Spectrophotometry Ensures Color Quality Control of High-Visibility Safety Clothing


Posted on October 4, 2017

Workers across the nation depend on high-visibility safety clothing every day when they get up and go to their job site. Highway workers, construction workers, airport runway personnel, firefighters, some factory workers, and telephone linemen all rely on fluorescent clothing to be seen by other in order to prevent accidents.  Practically everywhere that workers perform their duties in dangerous areas with low visibility, safety clothing is an essential element of their daily gear. High-visibility clothing can be important in civilian life as well, for bikers, hunters, or anyone outdoors during hunting season.

While it’s common sense that garment manufacturers have a stake in the correct coloration of their products, in the case of high visibility safety clothing, correct coloration has actually been codified into law. According to the U.S. Occupation Safety and Health Administration, workers performing dangerous tasks requiring high visibility, such as roadside workers, must wear garments that conform to the requirements established in ANSI/ISEA 107-2015.1 The ANSI standards require that a garment’s material must be tested by an accredited laboratory and certified by the manufacturer with a Declaration of Conformity.2Without proper testing and the ability to guarantee that their products meet ANSI standards, manufacturers cannot sell high-visibility safety clothing without exposing themselves to a high degree of risk. In order to compete in the safety clothing marketplace, manufacturers must invest in color quality control instruments and processes, including spectrophotometers.

Spectrophotometers Ensure High-Visibility Color Quality Standards Are Met

Color measurement instruments that ascertain the exact color of opaque materials by measuring reflected light are known as reflectance spectrophotometers. Manufacturers of high-visibility safety clothing depend on these spectrophotometers to ensure their clothing meets the color standards prescribed in ANSI 107. The extraordinary degree of color measurement accuracy offered by reflectance spectrophotometers makes them essential to determining the color of these garments, and a standard part of safety testing.3

Even when relying on a third-party laboratory to certify garments, manufacturers can use a spectrophotometer on premises as part of their own quality control processes. In doing so, they can ensure that their products will pass inspection and not lose any valuable time or materials by manufacturing and shipping improperly colored garments.

Manufacturers can ensure that their colors exactly match the prescribed standard by using the color measurement software that comes with modern spectrophotometers.

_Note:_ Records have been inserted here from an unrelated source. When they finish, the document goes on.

lemma feasible_move_unit:
  assumes feas: "feasible n p r d S" and Ss: "S s = Some j" and Sx: "S x = None"
    and window: "r j \<le> x" "x < d j"
  shows "feasible n p r d (S(x := Some j, s := None))"
proof -
  let ?S' = "S(x := Some j, s := None)"
  have feasS: "k < n \<and> r k \<le> t \<and> t < d k" if "S t = Some k" for t k
    using feas that unfolding feasible_def by blast
  have slotsS: "finite {t. S t = Some k} \<and> card {t. S t = Some k} = p k" if "k < n" for k
    using feas that unfolding feasible_def by blast
  have j: "j < n" using feasS Ss by blast
  have "x \<noteq> s" using Ss Sx by auto
  then have slots_j: "{t. ?S' t = Some j} = insert x ({t. S t = Some j} - {s})"
    by auto
  have slots_other: "{t. ?S' t = Some k} = {t. S t = Some k}" if "k \<noteq> j" for k
    using that Ss Sx by auto
  have origin: "t = x \<and> k = j \<or> S t = Some k" if "?S' t = Some k" for t k
    using that by (auto split: if_splits)
  have fin_j: "finite {t. ?S' t = Some j}" using slotsS[OF j] unfolding slots_j by simp
  have "p j > 0" using slotsS[OF j] Ss card_gt_0_iff by fastforce
  then have card_j: "card {t. ?S' t = Some j} = p j"
    using slotsS[OF j] Ss Sx unfolding slots_j by (simp add: card_Diff_singleton)
  have range': "k < n \<and> r k \<le> t \<and> t < d k" if "?S' t = Some k" for t k
    using origin[OF that] feasS window j by blast
  have slots': "finite {t. ?S' t = Some k} \<and> card {t. ?S' t = Some k} = p k" if "k < n" for k
  proof (cases "k = j")
    case True
    then show ?thesis using fin_j card_j by simp
  next
    case False
    then show ?thesis using slots_other[OF False] slotsS[OF that] by simp
  qed
  show ?thesis unfolding feasible_def using range' slots' by blast
qed

lemma energy_move_into_small_gap_le:
  assumes g: "is_gap S u t" and small: "real (t - u) \<le> L" and fin: "finite {x. busy S x}"
    and bs: "busy S s" and L0: "L \<ge> 0"
  shows "energy L (S(t - 1 := Some j, s := None)) \<le> energy L S"
proof -
  let ?S1 = "S(t - 1 := Some j)"
  have "{x. busy ?S1 x} \<subseteq> insert (t - 1) {x. busy S x}" by (auto simp: busy_def)
  then have fin1: "finite {x. busy ?S1 x}" using fin by (simp add: finite_subset)
  have "busy ?S1 s" using bs by (simp add: busy_def)
  then have "energy L (?S1(s := None)) \<le> energy L ?S1 + 1"
    using energy_idle_slot_le fin1 L0 by blast
  also have "energy L ?S1 = energy L S - 1" by (rule energy_fill_small_gap[OF g small fin])
  finally show ?thesis by linarith
qed

lemma exists_optimal:
  assumes "\<exists>S. feasible n p r d S"
  shows "\<exists>S. optimal n p r d L S"
proof -
  obtain S where "is_arg_min (energy L) (\<lambda>S. S \<in> {S. feasible n p r d S}) S"
    using ex_is_arg_min_if_finite[OF finite_feasible] assms by blast
  then show ?thesis unfolding optimal_def is_arg_min_linorder by auto
qed

lemma optimal_if_energy_le:
  "optimal n p r d L S \<Longrightarrow> feasible n p r d S' \<Longrightarrow> energy L S' \<le> energy L S
     \<Longrightarrow> optimal n p r d L S'"
  unfolding optimal_def by (meson order_trans)

definition busy_time_sum :: "schedule \<Rightarrow> nat" where
  "busy_time_sum S = \<Sum>{t. busy S t}"

lemma busy_time_sum_move_earlier:
  assumes fin: "finite {t. busy S t}" and bs: "busy S s" and idle: "\<not> busy S x" and xs: "x < s"
  shows "busy_time_sum (S(x := Some j, s := None)) < busy_time_sum S"
proof -
  let ?B = "{t. busy S t} - {s}"
  have "{t. busy (S(x := Some j, s := None)) t} = insert x ?B"
    using bs idle xs by (auto simp: busy_def)
  then have "busy_time_sum (S(x := Some j, s := None)) = x + \<Sum>?B"
    using fin idle by (simp add: busy_time_sum_def)
  moreover have "busy_time_sum S = s + \<Sum>?B"
    using fin bs by (simp add: busy_time_sum_def sum.remove)
  ultimately show ?thesis using xs by simp
qed

lemma optimal_move_last_unit_into_small_gap:
  assumes opt: "optimal n p r d L S" and L0: "L \<ge> 0"
    and g: "is_gap S u t" and small: "real (t - u) \<le> L"
    and j: "j < n" "p j \<ge> 1" and late: "completion S j \<ge> t" and early: "r j < t"
  defines "S' \<equiv> S(t - 1 := Some j, completion S j - 1 := None)"
  shows "optimal n p r d L S'" and "busy_time_sum S' < busy_time_sum S"
proof -
  let ?s = "completion S j - 1"
  have feas: "feasible n p r d S" and fin: "finite {t. busy S t}"
    using opt finite_busy_if_feasible unfolding optimal_def by auto
  have Ss: "S ?s = Some j" using completion_last_slot feas j by blast
  have idle: "S (t - 1) = None" using g unfolding is_gap_def busy_def by auto
  have "?s \<noteq> t - 1" using Ss idle by auto
  then have before: "t - 1 < ?s" using late by arith
  moreover have "?s < d j" using feas Ss j unfolding feasible_def by auto
  ultimately have "feasible n p r d S'"
    unfolding S'_def using feasible_move_unit[OF feas Ss idle] early by auto
  moreover have "energy L S' \<le> energy L S"
    unfolding S'_def using energy_move_into_small_gap_le[OF g small fin _ L0] Ss
    by (simp add: busy_def)
  ultimately show "optimal n p r d L S'" using opt optimal_if_energy_le by blast
  show "busy_time_sum S' < busy_time_sum S"
    unfolding S'_def using busy_time_sum_move_earlier[OF fin _ _ before] Ss idle
    by (simp add: busy_def)
qed

theorem lemma12:
  fixes n :: nat and p r d :: "nat \<Rightarrow> nat" and L :: real
  assumes "L \<ge> 0"
    and "\<forall>j<n. p j \<ge> 1"
    and "\<exists>S. feasible n p r d S"
  shows "\<exists>S. optimal n p r d L S \<and>
           (\<forall>u t j. is_gap S u t \<and> real (t - u) \<le> L \<and> j < n \<and> completion S j \<ge> t
                 \<longrightarrow> r j \<ge> t)"
proof -
  obtain S where opt: "optimal n p r d L S"
    and least: "\<And>S'. optimal n p r d L S' \<Longrightarrow> busy_time_sum S \<le> busy_time_sum S'"
    using ex_has_least_nat[of "optimal n p r d L"] exists_optimal[OF assms(3)] by metis
  have "r j \<ge> t"
    if "is_gap S u t" "real (t - u) \<le> L" "j < n" "completion S j \<ge> t" for u t j
  proof (rule ccontr)
    assume "\<not> r j \<ge> t"
    then show False
      using optimal_move_last_unit_into_small_gap[OF opt assms(1) that(1,2,3)] assms(2) that(3,4)
        least by (meson leD not_le)
  qed
  then show ?thesis using opt by blast
qed

end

This software interprets color as a series of numerical values, allowing it to measure exact shades with decimal accuracy. By programming the software with the desired shades specified by the ANSI requirements, manufacturers can know for certain whether or not their garments meet the standard before they are passed to the lab or shipped to the distributor. These standards can be saved in the instrument’s memory, so technicians can quickly select the standard they need when testing different batches of clothing.